Wildlife Management: Distance Surveys for Whitetail Deer

Wildlife Management Topic: “Aerial Vertical-Looking Infrared Imagery to Evaluate Bias of Distance Sampling Techniques for White-tailed Deer.”

Researchers: Jared T. Beaver, Craig A. Harper – University of Tennessee; Robert E. Kissell, Jr. – University of Arkansas; Lisa I. Muller, Peyton S. Basinger, Matthew J. Goode – University of Tennessee

Deer population monitoring is an important consideration when managing white-tailed deer (Odocoileus virginianus). Distance survey sampling has been used to estimate population density, and has been applied to ground thermal infrared sensing (ground imaging) and spotlight surveys to overcome limitations with these techniques. However, surveys are usually along roads, which may violate a critical assumption of distance sampling and bias density estimates.

Deer Survey Techniques

Aerial vertical-looking infrared imagery (aerial imaging) was designed to overcome the burdens of traditional distance surveys. We compared population and precision estimates and evaluated assumptions for each technique on Arnold Air Force Base in Tennessee during January-February 2010. Deer density (deer/mi2) and precision for spotlight and ground imaging were 60.19 (CV = 15.1) and 41.83 (CV = 13.1), respectively, with left truncation (deletion of observations closest to road), and 12.35 (CV = 13.9) and 18.10 (13.9) without truncation.

Aerial imaging density and precision estimates were 14.01 (CV = 23.1), respectively. Aerial imaging showed deer distances were closer to roads than randomly generated distances, suggesting a road-bias selection by deer, which potentially biased spotlight and ground imaging estimates high by 487% and 231%, respectively.
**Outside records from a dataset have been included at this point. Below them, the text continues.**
lemma cdivmod_correct:
  fixes x :: 'r
  assumes "k \<in> {1..n}" "r k = enat m"
  shows "x = of_nat m * fst (cdivmod x m) + snd (cdivmod x m) \<and> snd (cdivmod x m) \<in> of_nat ` {0..<m}"
proof -
  have "\<exists>!p. (case p of (q, s) \<Rightarrow> x = of_nat m * q + s \<and> s \<in> of_nat ` {0..<m})"
    using unique_division[OF assms, of x] by (simp add: split_def)
  from theI'[OF this] show ?thesis unfolding cdivmod_def by (simp add: split_def)
qed

lemma cdivmod_unique:
  fixes x :: 'r
  assumes "k \<in> {1..n}" "r k = enat m" "x = of_nat m * q + s" "s \<in> of_nat ` {0..<m}"
  shows "cdivmod x m = (q, s)"
  using unique_division[OF assms(1,2), of x] cdivmod_correct[OF assms(1,2), of x] assms(3,4)
  by (metis prod.collapse fst_conv snd_conv)

lemma remainder_unique:
  fixes q s :: 'r
  assumes "k \<in> {1..n}" "r k = enat m" "of_nat m * q + s = of_nat m * q' + s'"
    "s \<in> of_nat ` {0..<m}" "s' \<in> of_nat ` {0..<m}"
  shows "q = q' \<and> s = s'"
  using cdivmod_unique[OF assms(1,2) refl assms(4)] cdivmod_unique[OF assms(1,2,3,5)] by simp

lemma power_positive: "k \<in> {1..n} \<Longrightarrow> r k = enat m \<Longrightarrow> 0 < m"
  using unique_division[of k m 0] by (cases m) auto

text \<open>A coefficient vector \<open>x\<close> stands for \<open>x\<^sub>1 a\<^sub>1 + \<dots> + x\<^sub>n a\<^sub>n\<close>; its other
  coordinates are ignored. \<open>power_vec i\<close> is the power relation of \<open>a\<^sub>i\<close>.\<close>

definition power_vec :: "nat \<Rightarrow> nat \<Rightarrow> 'r" where
  "power_vec i l = (if l = i then of_nat (the_enat (r i)) else if i < l \<and> l \<le> n then - e i l else 0)"

definition power_idx :: "nat \<Rightarrow> nat set" where
  "power_idx t = {i \<in> {1..n}. r i \<noteq> \<infinity> \<and> t < i}"

definition in_power_span :: "nat \<Rightarrow> (nat \<Rightarrow> 'r) \<Rightarrow> bool" where
  "in_power_span t z \<longleftrightarrow> (\<exists>c. \<forall>l\<in>{1..n}. z l = (\<Sum>i\<in>power_idx t. c i * power_vec i l))"

definition coeff_eq :: "(nat \<Rightarrow> 'r) \<Rightarrow> (nat \<Rightarrow> 'r) \<Rightarrow> bool" where
  "coeff_eq x y \<longleftrightarrow> (\<forall>l\<in>{1..n}. x l = y l)"

definition power_cong :: "(nat \<Rightarrow> 'r) \<Rightarrow> (nat \<Rightarrow> 'r) \<Rightarrow> bool" where
  "power_cong x y \<longleftrightarrow> in_power_span 0 (\<lambda>l. x l - y l)"

definition reduced_vec :: "(nat \<Rightarrow> 'r) \<Rightarrow> bool" where
  "reduced_vec x \<longleftrightarrow> (\<forall>k\<in>{1..n}. in_range (r k) (x k))"

lemma finite_power_idx [simp]: "finite (power_idx t)"
  unfolding power_idx_def by simp

lemma in_power_span_zero: "in_power_span t (\<lambda>_. 0)"
  unfolding in_power_span_def by (rule exI[of _ "\<lambda>_. 0"]) simp

lemma in_power_span_coeff_eq: "in_power_span t z \<Longrightarrow> coeff_eq z z' \<Longrightarrow> in_power_span t z'"
  unfolding in_power_span_def coeff_eq_def by auto

lemma in_power_span_if_coeff_eq_zero: "coeff_eq z (\<lambda>_. 0) \<Longrightarrow> in_power_span t z"
  using in_power_span_coeff_eq[OF in_power_span_zero] unfolding coeff_eq_def by auto

lemma in_power_span_add:
  assumes "in_power_span t x" "in_power_span t y"
  shows "in_power_span t (\<lambda>l. x l + y l)"
proof -
  obtain c d where "\<forall>l\<in>{1..n}. x l = (\<Sum>i\<in>power_idx t. c i * power_vec i l)"
    and "\<forall>l\<in>{1..n}. y l = (\<Sum>i\<in>power_idx t. d i * power_vec i l)"
    using assms unfolding in_power_span_def by blast
  then show ?thesis unfolding in_power_span_def
    by (intro exI[of _ "\<lambda>i. c i + d i"]) (simp add: distrib_right sum.distrib)
qed

lemma in_power_span_scale:
  assumes "in_power_span t x"
  shows "in_power_span t (\<lambda>l. a * x l)"
proof -
  obtain c where "\<forall>l\<in>{1..n}. x l = (\<Sum>i\<in>power_idx t. c i * power_vec i l)"
    using assms unfolding in_power_span_def by blast
  then show ?thesis unfolding in_power_span_def
    by (intro exI[of _ "\<lambda>i. a * c i"]) (simp add: sum_distrib_left mult.assoc)
qed

lemma in_power_span_neg: "in_power_span t x \<Longrightarrow> in_power_span t (\<lambda>l. - x l)"
  using in_power_span_scale[of t x "-1"] by simp

lemma in_power_span_diff:
  "in_power_span t x \<Longrightarrow> in_power_span t y \<Longrightarrow> in_power_span t (\<lambda>l. x l - y l)"
  using in_power_span_add[of t x "\<lambda>l. - y l"] in_power_span_neg[of t y] by simp

lemma in_power_span_lincomb:
  "(\<And>s. s \<in> S \<Longrightarrow> in_power_span t (f s)) \<Longrightarrow> in_power_span t (\<lambda>l. \<Sum>s\<in>S. c s * f s l)"
proof (induction S rule: infinite_finite_induct)
  case (insert s S)
  then show ?case
    using in_power_span_add[OF in_power_span_scale[of t "f s" "c s"]] by simp
qed (simp_all add: in_power_span_zero)

lemma power_vec_in_power_span: "i \<in> power_idx t \<Longrightarrow> in_power_span t (power_vec i)"
  unfolding in_power_span_def
  by (rule exI[of _ "\<lambda>j. if j = i then 1 else 0"]) (simp add: if_distrib[of "\<lambda>c. c * _"] cong: if_cong)

lemma power_cong_sym: "power_cong x y \<Longrightarrow> power_cong y x"
  unfolding power_cong_def using in_power_span_neg[of 0 "\<lambda>l. x l - y l"] by simp

lemma power_cong_trans [trans]: "power_cong x y \<Longrightarrow> power_cong y z \<Longrightarrow> power_cong x z"
  unfolding power_cong_def using in_power_span_add[of 0 "\<lambda>l. x l - y l" "\<lambda>l. y l - z l"] by simp

lemma power_cong_if_coeff_eq: "coeff_eq x y \<Longrightarrow> power_cong x y"
  unfolding power_cong_def by (rule in_power_span_if_coeff_eq_zero) (simp add: coeff_eq_def)

lemma power_cong_lincomb:
  "(\<And>s. s \<in> S \<Longrightarrow> power_cong (f s) (g s)) \<Longrightarrow>
     power_cong (\<lambda>l. \<Sum>s\<in>S. c s * f s l) (\<lambda>l. \<Sum>s\<in>S. c s * g s l)"
  unfolding power_cong_def using in_power_span_lincomb[of S 0 "\<lambda>s l. f s l - g s l" c]
  by (simp add: right_diff_distrib sum_subtractf)

lemma power_cong_diff:
  "power_cong x x' \<Longrightarrow> power_cong y y' \<Longrightarrow> power_cong (\<lambda>l. x l - y l) (\<lambda>l. x' l - y' l)"
  unfolding power_cong_def using in_power_span_diff[of 0 "\<lambda>l. x l - x' l" "\<lambda>l. y l - y' l"] by (simp add: algebra_simps)

lemma power_cong_scale: "power_cong x x' \<Longrightarrow> power_cong (\<lambda>l. a * x l) (\<lambda>l. a * x' l)"
  unfolding power_cong_def using in_power_span_scale[of 0 "\<lambda>l. x l - x' l" a] by (simp add: algebra_simps)

lemma in_power_span_power_cong: "power_cong x y \<Longrightarrow> in_power_span 0 y \<Longrightarrow> in_power_span 0 x"
  unfolding power_cong_def using in_power_span_add[of 0 "\<lambda>l. x l - y l" y] by simp

abbreviation red_step where "red_step \<equiv> reduce_step n r e"
abbreviation red where "red \<equiv> reduce_vec n r e"

lemma red_step_infinite: "r k = \<infinity> \<Longrightarrow> red_step k x = x"
  unfolding reduce_step_def by simp

lemma red_step_finite:
  "r k = enat m \<Longrightarrow> red_step k x = (\<lambda>l. if l = k then snd (cdivmod (x k) m)
     else if k < l \<and> l \<le> n then x l + fst (cdivmod (x k) m) * e k l else x l)"
  unfolding reduce_step_def by (simp add: split_def Let_def)

lemma red_step_below: "l < k \<Longrightarrow> red_step k x l = x l"
  by (cases "r k") (auto simp: red_step_infinite red_step_finite)

lemma red_step_id: "k \<in> {1..n} \<Longrightarrow> in_range (r k) (x k) \<Longrightarrow> red_step k x = x"
proof (cases "r k")
  case (enat m)
  assume "k \<in> {1..n}" "in_range (r k) (x k)"
  then have "cdivmod (x k) m = (0, x k)"
    using enat by (intro cdivmod_unique) (auto simp: in_range_def)
  then show ?thesis using enat by (simp add: red_step_finite fun_eq_iff)
qed (simp add: red_step_infinite)

lemma red_step_in_range: "k \<in> {1..n} \<Longrightarrow> in_range (r k) (red_step k x k)"
  using cdivmod_correct[of k]
  by (cases "r k") (auto simp: red_step_finite in_range_def)

lemma red_step_diff:
  assumes "k \<in> {1..n}" "r k = enat m"
  shows "(\<lambda>l. x l - red_step k x l) = (\<lambda>l. fst (cdivmod (x k) m) * power_vec k l)"
  using cdivmod_correct[OF assms, of "x k"] assms(2)
  by (auto simp: red_step_finite power_vec_def algebra_simps fun_eq_iff)

lemma red_step_diff_in_power_span:
  assumes "k \<in> {1..n}" "t < k"
  shows "in_power_span t (\<lambda>l. x l - red_step k x l)"
proof (cases "r k")
  case (enat m)
  have "k \<in> power_idx t" using assms enat unfolding power_idx_def by auto
  then show ?thesis
    unfolding red_step_diff[OF assms(1) enat] by (intro in_power_span_scale power_vec_in_power_span)
qed (simp add: red_step_infinite in_power_span_zero)

text \<open>Coordinates that already vanish are left alone by the reduction, so only the power
  relations of higher index are used.\<close>

lemma fold_red_step_diff_in_power_span:
  assumes "set ks \<subseteq> {1..n}" "\<And>k. 1 \<le> k \<Longrightarrow> k \<le> t \<Longrightarrow> x k = 0"
  shows "in_power_span t (\<lambda>l. x l - fold red_step ks x l)"
  using assms
proof (induction ks arbitrary: x)
  case (Cons k ks)
  then have k: "k \<in> {1..n}" by simp
  show ?case
  proof (cases "k \<le> t")
    case True
    then have "in_range (r k) (x k)"
      using Cons.prems(2) k power_positive[OF k]
      unfolding in_range_def by (cases "r k") (auto intro: image_eqI[of 0 _ 0])
    then show ?thesis using Cons red_step_id[OF k] by simp
  next
    case False
    have "in_power_span t (\<lambda>l. red_step k x l - fold red_step ks (red_step k x) l)"
      using Cons False by (intro Cons.IH) (auto simp: red_step_below)
    with red_step_diff_in_power_span[OF k, of t x] False show ?thesis
      using in_power_span_add by fastforce
  qed
qed (simp add: in_power_span_zero)

lemma reduce_diff_in_power_span:
  "(\<And>k. 1 \<le> k \<Longrightarrow> k \<le> t \<Longrightarrow> x k = 0) \<Longrightarrow> in_power_span t (\<lambda>l. x l - red x l)"
  unfolding reduce_vec_def by (rule fold_red_step_diff_in_power_span) auto
lemma unitary2_columns:
  fixes a b c d :: complex
  assumes ab: "a * cnj a + b * cnj b = 1" and cd: "c * cnj c + d * cnj d = 1"
    and ac: "a * cnj c + b * cnj d = 0"
  shows "a * cnj a + c * cnj c = 1" "b * cnj b + d * cnj d = 1" "a * cnj b + c * cnj d = 0"
proof -
  have bb: "b * cnj b = 1 - a * cnj a" and dd: "d * cnj d = 1 - c * cnj c"
    using ab cd by (simp_all add: eq_diff_eq add.commute)
  have "cnj a * c + cnj b * d = 0"
    using arg_cong[OF ac, of cnj] by (simp add: mult.commute)
  then have bd: "b * cnj d = - (a * cnj c)" and db: "cnj b * d = - (cnj a * c)"
    using ac by (simp_all add: eq_neg_iff_add_eq_0 add.commute)
  have "(a * cnj a) * (c * cnj c) = (b * cnj d) * (cnj b * d)"
    unfolding bd db by (simp add: ac_simps)
  also have "\<dots> = (1 - a * cnj a) * (1 - c * cnj c)"
    by (simp add: ac_simps flip: bb dd)
  finally show col0: "a * cnj a + c * cnj c = 1" by (simp add: algebra_simps)
  then show col1: "b * cnj b + d * cnj d = 1"
    unfolding bb dd by (simp add: algebra_simps)
  define T where "T = a * cnj b + c * cnj d"
  have "T * b = a * (b * cnj b) + c * (b * cnj d)" "T * d = a * (cnj b * d) + c * (d * cnj d)"
    unfolding T_def by (simp_all add: algebra_simps)
  then have "T * b = a * (1 - (a * cnj a + c * cnj c))" "T * d = c * (1 - (a * cnj a + c * cnj c))"
    unfolding bb dd bd db by (simp_all add: algebra_simps)
  then have Tb: "T * b = 0" and Td: "T * d = 0" using col0 by simp_all
  have "T = T * (b * cnj b + d * cnj d)" using col1 by simp
  also have "\<dots> = (T * b) * cnj b + (T * d) * cnj d" by (simp add: algebra_simps)
  finally have "T = 0" using Tb Td by simp
  then show "a * cnj b + c * cnj d = 0" unfolding T_def .
qed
All precision estimates were within acceptable standards for making wildlife management recommendations. However, the high cost of ground imaging did not justify its use over spotlight surveys for deer. We found road bias can invalidate distance sampling unless random transects representative of the study area are applied. Aerial imaging is less susceptible to road bias, but it should be restricted to large areas where high initial cost can be justified.